Figure 1 demonstrates the myocardial T2 and T2* maps along with late gadolinium enhancement (LGE) images in short-axis views from representative patients in the NTA and TA groups at 48 hours. In this acute phase, both measures of myocardial edema, i.e. infarct segment T2 (NTA 57.9 ms vs. TA 52.1 ms, p = 0.022) and infarct segment end-diastolic wall thickness (NTA 11.4 mm vs. TA 9.3 mm, p < 0.01), were lower in the TA group (Table 3). Infarct segment T2* was higher, indicative of reduced myocardial hemorrhage, in the TA group (NTA 29.3 ms vs. TA 37.8 ms, p = 0.007). MVO incidence was also lower in the TA group (NTA 88% vs. TA 54.3%, p = 0.013).
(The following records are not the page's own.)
lemma fm_invariant_land:
  assumes "k \<noteq> 0" and T: "cyl_tableau n k lam mu F" and I: "fm_invariant n k lam mu F st"
    and cur: "cur st = (x, s) # rest"
    and y0: "y0 = (LEAST y. (s, y) \<notin> outer st)"
    and st': "st' = st\<lparr> outer := outer st \<union> orbit n k (s, y0),
                         filling := upd_orbit n k (filling st) (s, y0) (Some x),
                         cur := rest,
                         inslog := inslog st @ [(s mod k, x)] \<rparr>"
  shows "fm_invariant n k lam mu F st'"
proof -
  have log: "row_insertions r st' = row_insertions r st @ (if s mod k = r then [x] else [])" for r
    using st' unfolding row_insertions_def by simp
  have fill: "filling st' = upd_orbit n k (filling st) (s, y0) (Some x)" using st' by simp
  have schedule: "row_schedule k r st' = row_schedule k r st" for r
    using st' cur unfolding row_schedule_def row_insertions_def by simp
  have bdd: "\<forall>s. bdd_above {y. (s, y) \<in> outer st}" and lam_outer: "shape lam \<subseteq> outer st"
    and off_mu: "\<forall>p. filling st p \<noteq> None \<longrightarrow> p \<notin> shape mu"
    using I by (simp_all add: fm_invariant_def)
  obtain B where "\<forall>y \<in> {y. (s, y) \<in> outer st}. y \<le> B" using bdd unfolding bdd_above_def by blast
  then have "(s, B + 1) \<notin> outer st" by fastforce
  moreover have "lam s \<le> y" if "(s, y) \<notin> outer st" for y
  proof -
    have "(s, y) \<notin> shape lam" using that lam_outer by blast
    then show ?thesis unfolding shape_def by simp
  qed
  ultimately have "(s, y0) \<notin> outer st"
    using int_Least_bounded_below[of "\<lambda>y. (s, y) \<notin> outer st"] y0 by blast
  then have "(s, y0) \<notin> shape mu" using lam_outer cyl_tableau_shape_subset[OF T] by blast
  then have orbit_off_mu: "p \<notin> shape mu" if "p \<in> orbit n k (s, y0)" for p
    using shift_invariant_orbit[OF shift_invariant_shape that] T
    unfolding cyl_tableau_def by blast
  have "originals_dominate k F st'"
    using I place_entry_untouched[OF fill log] unfolding fm_invariant_def originals_dominate_def schedule
    by blast
  moreover have "\<forall>p. filling st' p \<noteq> None \<longrightarrow> p \<notin> shape mu"
    using off_mu orbit_off_mu unfolding fill upd_orbit_def by auto
  moreover have "bdd_above {y. (s', y) \<in> outer st'}" for s'
    using bdd bdd_above_orbit_row[OF \<open>k \<noteq> 0\<close>, of s' n "(s, y0)"] st'
    by (simp add: Collect_disj_eq)
  ultimately show ?thesis
    using I place_entry[OF fill log] lam_outer st' unfolding fm_invariant_def schedule by auto
qed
Figure 2 demonstrates the LVEDVI and LVESVI measurements along with LGE images in short-axis views from patients in both treatment groups at 6 months. Baseline LVEDVI, LVESVI, LVSVI, infarct segment systolic wall thickening, and left ventricular ejection fraction measurements were similar in both treatment groups. At 6 months, LVEDVI (NTA 91.9 ml/m2 vs. TA 68.3 ml/m2, p = 0.013) and LVESVI (NTA 52.1 ml/m2 vs. TA 32.4 ml/m2, p = 0.008) were lower in the TA group (Table 3). LVSVI (NTA 40.4 ml/m2 vs. TA 35.8 ml/m2, p = 0.30) and left ventricular ejection fraction (NTA 46.8% vs. TA 53.8%, p = 0.11) were equivalent in both groups. Infarct segment systolic wall thickening (NTA 3.5% vs. TA 74.8%, p = 0.003) and end diastolic wall thickness (NTA 4 mm vs. TA 5.7 mm, p = 0.008) were both greater in the TA group at 6 months.

This study represents a single-centre non-randomized experience with a limited number of patients. However, baseline demographic and angiographic characteristics appear to be well matched in our 2 study groups. In particular, time to reperfusion, culprit vessel distribution, thrombus burden, enzymatic infarct size and adjunctive glycoprotein IIb/IIIa inhibitor use were similar in both groups. The sample size is similar to published CMR studies that have investigated myocardial edema, myocardial hemorrhage and MVO in other clinical settings. TA use was left to operator discretion, which can lead to a selection bias that may impact outcomes. However, the lack of a trend towards a higher thrombus burden in the TA group suggests that most of the TA use was based on a routine use policy. Lastly, we used a surface coil which can decrease the sensitivity for detecting inferolateral edema and infarction with an opposite effect in the anteroseptal region, due to an inhomogeneous coil sensitivity profile.